■ **Data**
text \<open>If some colour \<open>c\<close> lay in the lists of all three vertices of \<open>A\<close>, one could colour \<open>A\<close>
  with \<open>c\<close> and colour the rest of \<open>G\<close>, a complete \<open>(k - 1)\<close>-partite graph on fewer vertices,
  from the lists with \<open>c\<close> removed, using the minimality hypothesis. Hence the three pairwise
  intersections of the lists on \<open>A\<close> are disjoint, and inclusion-exclusion together with
  \<open>|\<Union>L| \<le> n - 1\<close> and \<open>|L(v)| \<ge> (n + k - 1) / 3\<close> shows that their sizes add up to at least
  \<open>k \<ge> k\<^sub>1 + k\<^sub>3 + k\<^sub>4\<close>. A pair that is not good contributes at most \<open>(k\<^sub>1 + k\<^sub>4) / 3\<close>
  colours; not all three pairs can be bad, as their total would then be at most \<open>k\<^sub>1 + k\<^sub>4 < k\<close>,
  so dropping the bad pairs costs at most \<open>2 (k\<^sub>1 + k\<^sub>4) / 3\<close>.\<close>

lemma L_coloring_greedy:
  fixes L :: "'v \<Rightarrow> 'c set"
  assumes "finite V" and "\<And>v. \<not> E v v"
    and "\<forall>v\<in>V. finite (L v) \<and> card V \<le> card (L v)"
  shows "\<exists>f. L_coloring V E L f"
  using assms(1,3)
proof (induction V rule: finite_induct)
  case empty
  then show ?case by (simp add: L_coloring_def proper_coloring_def)
next
  case (insert x V)
  then obtain f where f: "L_coloring V E L f" by fastforce
  have "card (f ` V) < card (L x)"
    using insert card_image_le[of V f] by auto
  then have "\<not> L x \<subseteq> f ` V"
    using insert card_mono[of "f ` V" "L x"] by auto
  then obtain c where c: "c \<in> L x" "c \<notin> f ` V" by blast
  have "L_coloring (insert x V) E L (f(x := c))"
    using f c assms(2) \<open>x \<notin> V\<close>
    unfolding L_coloring_def proper_coloring_def by (metis fun_upd_apply image_eqI insert_iff)
  then show ?case by blast
qed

■ **What is expected**
Write down exactly every line of the material above up to and including the line containing "from the lists".

■ **Exercise answer**
text \<open>If some colour \<open>c\<close> lay in the lists of all three vertices of \<open>A\<close>, one could colour \<open>A\<close>
  with \<open>c\<close> and colour the rest of \<open>G\<close>, a complete \<open>(k - 1)\<close>-partite graph on fewer vertices,
  from the lists with \<open>c\<close> removed, using the minimality hypothesis. Hence the three pairwise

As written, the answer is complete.